(* Let $\mathbf A=(A,\land,\lor,{}',0,1)$ be a pseudo-Kleene lattice. Then $\mathbf A$ is super-paraorthomodular if and only if $\mathbf A$ is a pasting of its Kleene blocks, i.e. for all $x,y\in A$: $x\leq y$ if and only if there is a Kleene block $\mathbf K$ of $\mathbf A$ with $x,y\in K$ and $x\leq y$ in $\mathbf K$.
   Context: A pseudo-Kleene lattice is an algebra $(A,\land,\lor,{}',0,1)$ such that $(A,\land,\lor,0,1)$ is a bounded lattice, ${}'$ is an antitone involution ($x\leq y$ implies $y'\leq x'$, and $x''=x$), and $x\land x'\leq y\lor y'$ for all $x,y$. A pseudo-Kleene lattice is super-paraorthomodular (sp-orthomodular) if it satisfies, for all $x,y$: (SP1) if $x\leq y$ and $x'\land y=(x\land x')\lor(y\land y')$, then $y\land(x\lor x')=x\lor(y\land y')$; (SP2) if $x\leq y$, then $(x\land x')\lor(y\land y')=(x'\land y)\land(x'\land y)'$. A Kleene sub-lattice of a pseudo-Kleene lattice $\mathbf A$ is a subset containing $0,1$ and closed under $\land,\lor,{}'$ which is distributive as a lattice; a Kleene block is a maximal (under inclusion) Kleene sub-lattice. *)

theory Defs
  imports Main
begin

definition pseudo_kleene :: "('a::bounded_lattice \<Rightarrow> 'a) \<Rightarrow> bool" where
  "pseudo_kleene c \<longleftrightarrow>
     (\<forall>x y. x \<le> y \<longrightarrow> c y \<le> c x) \<and>
     (\<forall>x. c (c x) = x) \<and>
     (\<forall>x y. inf x (c x) \<le> sup y (c y))"

definition sp_orthomodular :: "('a::bounded_lattice \<Rightarrow> 'a) \<Rightarrow> bool" where
  "sp_orthomodular c \<longleftrightarrow>
     (\<forall>x y. x \<le> y \<and> inf (c x) y = sup (inf x (c x)) (inf y (c y))
        \<longrightarrow> inf y (sup x (c x)) = sup x (inf y (c y))) \<and>
     (\<forall>x y. x \<le> y \<longrightarrow>
        sup (inf x (c x)) (inf y (c y)) = inf (inf (c x) y) (c (inf (c x) y)))"

definition kleene_sublattice :: "('a::bounded_lattice \<Rightarrow> 'a) \<Rightarrow> 'a set \<Rightarrow> bool" where
  "kleene_sublattice c K \<longleftrightarrow>
     bot \<in> K \<and> top \<in> K \<and>
     (\<forall>x\<in>K. \<forall>y\<in>K. inf x y \<in> K) \<and>
     (\<forall>x\<in>K. \<forall>y\<in>K. sup x y \<in> K) \<and>
     (\<forall>x\<in>K. c x \<in> K) \<and>
     (\<forall>x\<in>K. \<forall>y\<in>K. \<forall>z\<in>K. inf x (sup y z) = sup (inf x y) (inf x z))"

definition kleene_block :: "('a::bounded_lattice \<Rightarrow> 'a) \<Rightarrow> 'a set \<Rightarrow> bool" where
  "kleene_block c K \<longleftrightarrow> kleene_sublattice c K \<and>
     (\<forall>L. kleene_sublattice c L \<and> K \<subseteq> L \<longrightarrow> L = K)"

end

(* If x \<le> y lie in a common distributive Kleene sublattice, then SP1 and SP2 for x, y are plain
   distributivity computations. Conversely, for a \<le> b in an sp-orthomodular lattice the
   subalgebra generated by a and b is computed explicitly: it consists of the joins of the nine
   elements a \<sqinter> b', a \<sqinter> a', a, b \<sqinter> b', b \<sqinter> a', b, b', a', 1 over twenty index sets, which form
   a lattice of sets closed under a polarity, and the complement of such a join is the join over
   the polar index set. Checking the latter needs ten lattice inequalities, three of which are
   SP2 and two instances of the modular law that SP1 and SP2 provide. The index sets then map
   homomorphically onto the subalgebra, which is therefore distributive, and Zorn's lemma
   enlarges it to a Kleene block. *)
theory Submission
  imports Defs
begin

unbundle lattice_syntax

locale pseudo_kleene_lattice =
  fixes c :: "'a::bounded_lattice \<Rightarrow> 'a"
  assumes antitone: "x \<le> y \<Longrightarrow> c y \<le> c x"
    and involution [simp]: "c (c x) = x"
    and kleene: "x \<sqinter> c x \<le> y \<squnion> c y"
begin

lemma c_le_c_iff [simp]: "c x \<le> c y \<longleftrightarrow> y \<le> x"
  by (metis antitone involution)

lemma le_c_commute: "x \<le> c y \<longleftrightarrow> y \<le> c x"
  by (metis c_le_c_iff involution)

lemma c_sup [simp]: "c (x \<squnion> y) = c x \<sqinter> c y"
proof (rule antisym)
  show "c (x \<squnion> y) \<le> c x \<sqinter> c y"
    by (simp add: antitone)
  have "x \<squnion> y \<le> c (c x \<sqinter> c y)"
    by (metis c_le_c_iff involution inf_le1 inf_le2 sup_least)
  then show "c x \<sqinter> c y \<le> c (x \<squnion> y)"
    by (metis c_le_c_iff involution)
qed

lemma c_inf [simp]: "c (x \<sqinter> y) = c x \<squnion> c y"
  by (metis c_sup involution)

lemma c_bot [simp]: "c \<bottom> = \<top>"
  by (metis c_le_c_iff bot_least involution top.extremum_unique)

lemma c_top [simp]: "c \<top> = \<bottom>"
  by (metis c_bot involution)

end

lemma pseudo_kleene_lattice_iff: "pseudo_kleene_lattice c \<longleftrightarrow> pseudo_kleene c"
  unfolding pseudo_kleene_lattice_def pseudo_kleene_def by blast

lemma kleene_sublatticeD:
  assumes "kleene_sublattice c K"
  shows "\<bottom> \<in> K" "\<top> \<in> K"
    and "x \<in> K \<Longrightarrow> y \<in> K \<Longrightarrow> x \<sqinter> y \<in> K"
    and "x \<in> K \<Longrightarrow> y \<in> K \<Longrightarrow> x \<squnion> y \<in> K"
    and "x \<in> K \<Longrightarrow> c x \<in> K"
    and "x \<in> K \<Longrightarrow> y \<in> K \<Longrightarrow> z \<in> K \<Longrightarrow> x \<sqinter> (y \<squnion> z) = x \<sqinter> y \<squnion> x \<sqinter> z"
  using assms by (simp_all add: kleene_sublattice_def)

lemma kleene_sublattice_Union_chain:
  assumes "C \<noteq> {}" and chain: "subset.chain {K. kleene_sublattice c K} C"
  shows "kleene_sublattice c (\<Union>C)"
proof -
  have common: "\<exists>K\<in>C. kleene_sublattice c K \<and> x \<in> K \<and> y \<in> K \<and> z \<in> K"
    if xyz: "x \<in> \<Union>C" "y \<in> \<Union>C" "z \<in> \<Union>C" for x y z
  proof -
    obtain K where "K \<in> C" "{x, y, z} \<subseteq> K"
      by (rule finite_subset_Union_chain[OF _ _ assms, of "{x, y, z}"]) (use xyz in auto)
    then show ?thesis
      using chain by (auto simp: subset_chain_def)
  qed
  obtain K0 where K0: "K0 \<in> C" "kleene_sublattice c K0"
    using assms by (auto simp: subset_chain_def)
  show ?thesis
    unfolding kleene_sublattice_def
  proof (intro conjI ballI)
    show "\<bottom> \<in> \<Union>C" "\<top> \<in> \<Union>C"
      using K0 kleene_sublatticeD(1,2) by blast+
  next
    fix x y z assume "x \<in> \<Union>C" "y \<in> \<Union>C" "z \<in> \<Union>C"
    then obtain K where K: "K \<in> C" "kleene_sublattice c K" "x \<in> K" "y \<in> K" "z \<in> K"
      using common by blast
    show "x \<sqinter> (y \<squnion> z) = x \<sqinter> y \<squnion> x \<sqinter> z"
      using K kleene_sublatticeD(6) by blast
  next
    fix x y assume "x \<in> \<Union>C" "y \<in> \<Union>C"
    then obtain K where K: "K \<in> C" "kleene_sublattice c K" "x \<in> K" "y \<in> K"
      using common by blast
    show "x \<sqinter> y \<in> \<Union>C" "x \<squnion> y \<in> \<Union>C"
      using K kleene_sublatticeD(3,4)[OF K(2)] by blast+
  next
    fix x assume "x \<in> \<Union>C"
    then obtain K where K: "K \<in> C" "kleene_sublattice c K" "x \<in> K"
      using common by blast
    show "c x \<in> \<Union>C"
      using K kleene_sublatticeD(5)[OF K(2)] by blast
  qed
qed

lemma kleene_sublattice_extends_to_block:
  assumes "kleene_sublattice c S"
  obtains K where "kleene_block c K" "S \<subseteq> K"
proof -
  let ?A = "{K. kleene_sublattice c K \<and> S \<subseteq> K}"
  have "\<exists>M\<in>?A. \<forall>K\<in>?A. M \<subseteq> K \<longrightarrow> K = M"
  proof (rule subset_Zorn_nonempty)
    show "?A \<noteq> {}"
      using assms by blast
  next
    fix C assume "C \<noteq> {}" and chain: "subset.chain ?A C"
    then have "kleene_sublattice c (\<Union>C)"
      by (intro kleene_sublattice_Union_chain) (auto simp: subset_chain_def)
    moreover have "S \<subseteq> \<Union>C"
      using \<open>C \<noteq> {}\<close> chain by (fastforce simp: subset_chain_def)
    ultimately show "\<Union>C \<in> ?A"
      by blast
  qed
  then obtain M where "M \<in> ?A" and maximal: "\<forall>K\<in>?A. M \<subseteq> K \<longrightarrow> K = M" ..
  then have "kleene_block c M"
    unfolding kleene_block_def by auto
  with \<open>M \<in> ?A\<close> show thesis
    using that by blast
qed

lemma (in pseudo_kleene_lattice) sp_identities_in_kleene_sublattice:
  assumes K: "kleene_sublattice c K" "x \<in> K" "y \<in> K" and "x \<le> y"
  shows "c x \<sqinter> y = x \<sqinter> c x \<squnion> y \<sqinter> c y \<Longrightarrow> y \<sqinter> (x \<squnion> c x) = x \<squnion> y \<sqinter> c y"
    and "x \<sqinter> c x \<squnion> y \<sqinter> c y = c x \<sqinter> y \<sqinter> c (c x \<sqinter> y)"
proof -
  note distrib = kleene_sublatticeD(6)[OF K(1)] and closed = kleene_sublatticeD(3,5)[OF K(1)]
  assume sp1_hyp: "c x \<sqinter> y = x \<sqinter> c x \<squnion> y \<sqinter> c y"
  have "y \<sqinter> (x \<squnion> c x) = x \<squnion> c x \<sqinter> y"
    using distrib[OF K(3,2) closed(2)[OF K(2)]] \<open>x \<le> y\<close>
    by (simp add: inf_absorb1 inf_commute)
  also have "\<dots> = x \<squnion> y \<sqinter> c y"
    using sp1_hyp by (simp add: sup_absorb1 flip: sup_assoc)
  finally show "y \<sqinter> (x \<squnion> c x) = x \<squnion> y \<sqinter> c y" .
next
  note distrib = kleene_sublatticeD(6)[OF K(1)] and closed = kleene_sublatticeD(3,5)[OF K(1)]
  have "c x \<sqinter> y \<sqinter> c (c x \<sqinter> y) = (c x \<sqinter> y) \<sqinter> x \<squnion> (c x \<sqinter> y) \<sqinter> c y"
    using distrib[OF closed(1)[OF closed(2)[OF K(2)] K(3)] K(2) closed(2)[OF K(3)]] by simp
  also have "\<dots> = x \<sqinter> c x \<squnion> y \<sqinter> c y"
    using inf.absorb1[OF \<open>x \<le> y\<close>] inf.absorb1[OF antitone[OF \<open>x \<le> y\<close>]]
    by (metis inf.commute inf.left_commute)
  finally show "x \<sqinter> c x \<squnion> y \<sqinter> c y = c x \<sqinter> y \<sqinter> c (c x \<sqinter> y)" ..
qed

• **EXERCISE PROMPT**: Which lines of the material above hold the string "forall"? Pull them out.

• **SOLUTION FOR THIS TASK**:
     (\<forall>x y. x \<le> y \<longrightarrow> c y \<le> c x) \<and>
     (\<forall>x. c (c x) = x) \<and>
     (\<forall>x y. inf x (c x) \<le> sup y (c y))"
     (\<forall>x y. x \<le> y \<and> inf (c x) y = sup (inf x (c x)) (inf y (c y))
     (\<forall>x y. x \<le> y \<longrightarrow>
     (\<forall>x\<in>K. \<forall>y\<in>K. inf x y \<in> K) \<and>
     (\<forall>x\<in>K. \<forall>y\<in>K. sup x y \<in> K) \<and>
     (\<forall>x\<in>K. c x \<in> K) \<and>
     (\<forall>x\<in>K. \<forall>y\<in>K. \<forall>z\<in>K. inf x (sup y z) = sup (inf x y) (inf x z))"
     (\<forall>L. kleene_sublattice c L \<and> K \<subseteq> L \<longrightarrow> L = K)"
  have "\<exists>M\<in>?A. \<forall>K\<in>?A. M \<subseteq> K \<longrightarrow> K = M"
  then obtain M where "M \<in> ?A" and maximal: "\<forall>K\<in>?A. M \<subseteq> K \<longrightarrow> K = M" ..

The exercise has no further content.